Ее хозяин — или гость? — продолжал пристально наблюдать за ней.
— Расскажи мне о себе, — попросил он. — Как ты живешь? Как проходит твой день?
Его интерес льстил девочке.
— Лучше бы тебе расспросить моего отца или одного из его братьев, — сказала она. — У них жизнь куда интереснее.
— Может, когда-нибудь и расспрошу, — кивнул он. — Но мне интересно все. И все для меня внове. Прошу тебя. Расскажи мне.
Казалось, он говорит искренно. Завораживающий лунный свет, уютное тепло, в котором нежилось ее другое, спящее тело, приятное волнение от внимания красивого мужчины — все это, соединившись, помогло ей расслабиться и почувствовать себя уверенно. Она откинулась на подушки и начала свой рассказ:
— Я встаю рано, еще до рассвета. Мужчины уходят пасти овец, а мы с тетками доим коз. Из их молока мы делаем сыр и простоквашу. Днем я тку, чиню одежду, пеку хлеб. Еще я хожу за водой и собираю хворост. Присматриваю за своими братьями, родными и двоюродными, мою и одеваю их, слежу, чтобы они не попали в беду. Потом я помогаю матери готовить ужин и кормить мужчин, когда они вернутся.
— Сколько у тебя дел! И часто ты всем этим занимаешься?
— Каждый день.
—
Каждыйдень? Значит, у тебя совсем нет времени, чтобы просто погулять и полюбоваться пустыней?

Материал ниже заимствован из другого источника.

(* Let $N$ be an isolating block and $S=\operatorname{Inv} N$. If $L$ is any sufficiently small compact neighborhood of $N^-$ in $N$, then $(N,L)$ is a filtration pair for $S$. Moreover, there is a neighborhood of $f$ in the $C^0$ topology such that for any $\tilde f$ in this neighborhood, $\tilde S=\operatorname{Inv}(N\setminus L,\tilde f)$ (the maximal invariant subset computed with respect to $\tilde f$) is an isolated invariant set for $\tilde f$ and $(N,L)$ is a filtration pair for $\tilde S$ with respect to $\tilde f$.
   Context: Let $X$ be a locally compact metric space, $U\subset X$ open and $f:U\to X$ continuous. For $N\subset U$, a solution through $x$ is a map $\sigma:\mathbb Z\to U$ with $\sigma(0)=x$ and $f(\sigma(n))=\sigma(n+1)$ for all $n$; $\operatorname{Inv} N$ is the set of $x\in N$ admitting a solution through $x$ with all values in $N$. A compact set $N\subset U$ is an isolating neighborhood if $\operatorname{Inv} N\subset\operatorname{Int} N$; a set $S$ is an isolated invariant set if $S=\operatorname{Inv} N$ for some isolating neighborhood $N$. A compact set $N$ is an isolating block if $f(N)\cap N\cap f^{-1}(N)\subset\operatorname{Int} N$. The exit set of $N$ is $N^-=\{x\in N: f(x)\notin\operatorname{Int} N\}$. A filtration pair for an isolated invariant set $S$ is a pair of compact sets $L\subset N$ contained in the interior of the domain of $f$, each equal to the closure of its interior, such that (1) $\operatorname{cl}(N\setminus L)$ is an isolating neighborhood with $\operatorname{Inv}\operatorname{cl}(N\setminus L)=S$; (2) $L$ is a neighborhood of $N^-$ in $N$; (3) $f(L)\cap\operatorname{cl}(N\setminus L)=\emptyset$. The same notions are used for any other continuous map $\tilde f:U\to X$ in place of $f$.
   Formalization: N is also assumed to equal the closure of its interior, only compact neighbourhoods L equal to the closure of their interior are considered, and the $C^0$ neighbourhood of f may depend on L. Each condition added here is assumed in the paper as well or is needed for the statement above to hold. *)

theory Defs
  imports "HOL-Analysis.Analysis"
begin

text \<open>Maps f defined on an open set U of a metric space X (the type 'a).
Values of f outside U are irrelevant.\<close>

definition is_solution :: "'a set \<Rightarrow> ('a \<Rightarrow> 'a) \<Rightarrow> (int \<Rightarrow> 'a) \<Rightarrow> bool" where
  "is_solution U f \<sigma> \<longleftrightarrow> (\<forall>n. \<sigma> n \<in> U \<and> f (\<sigma> n) = \<sigma> (n + 1))"

definition Inv :: "'a set \<Rightarrow> ('a \<Rightarrow> 'a) \<Rightarrow> 'a set \<Rightarrow> 'a set" where
  "Inv U f N = {x \<in> N. \<exists>\<sigma>. is_solution U f \<sigma> \<and> \<sigma> 0 = x \<and> (\<forall>n. \<sigma> n \<in> N)}"

definition isolating_nbhd :: "'a::topological_space set \<Rightarrow> ('a \<Rightarrow> 'a) \<Rightarrow> 'a set \<Rightarrow> bool" where
  "isolating_nbhd U f N \<longleftrightarrow> compact N \<and> N \<subseteq> U \<and> Inv U f N \<subseteq> interior N"

definition isolated_invariant_set :: "'a::topological_space set \<Rightarrow> ('a \<Rightarrow> 'a) \<Rightarrow> 'a set \<Rightarrow> bool" where
  "isolated_invariant_set U f S \<longleftrightarrow> (\<exists>N. isolating_nbhd U f N \<and> S = Inv U f N)"

definition isolating_block :: "'a::topological_space set \<Rightarrow> ('a \<Rightarrow> 'a) \<Rightarrow> 'a set \<Rightarrow> bool" where
  "isolating_block U f N \<longleftrightarrow> compact N \<and> N \<subseteq> U \<and>
     f ` N \<inter> N \<inter> {x \<in> U. f x \<in> N} \<subseteq> interior N"

definition exit_set :: "('a::topological_space \<Rightarrow> 'a) \<Rightarrow> 'a set \<Rightarrow> 'a set" where
  "exit_set f N = {x \<in> N. f x \<notin> interior N}"

definition nbhd_in :: "'a::topological_space set \<Rightarrow> 'a set \<Rightarrow> 'a set \<Rightarrow> bool" where
  "nbhd_in N L A \<longleftrightarrow> L \<subseteq> N \<and> (\<exists>V. openin (top_of_set N) V \<and> A \<subseteq> V \<and> V \<subseteq> L)"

— Конечно же нет! — воскликнула она, пораженная его наивностью. — Женщины должны заниматься домом, пока мужчины заботятся об овцах и козах. Хотя, — гордо добавила она, — мой отец иногда позволяет и мне попасти коз, если погода хорошая. А бывает, что женщинам приходится делать и мужскую работу. Например, если ветер опрокинет шатер, женские руки могут установить его так же ловко, как и мужские. И когда мы переезжаем на новое место, все работают поровну.
Она замолчала. Там, вдалеке, ее другое, спящее тело зашевелилось во сне. Даже сюда до нее доносились первые утренние звуки: торопливые шаги, плач проголодавшегося младенца, лепет проснувшихся детей. Стеклянные стены дворца подернулись дымкой и словно раздвинулись.
— Похоже, мне пора идти, — сказал мужчина. — Ты согласишься поговорить со мной еще?
— Конечно, — без колебания ответила Фадва. — Когда?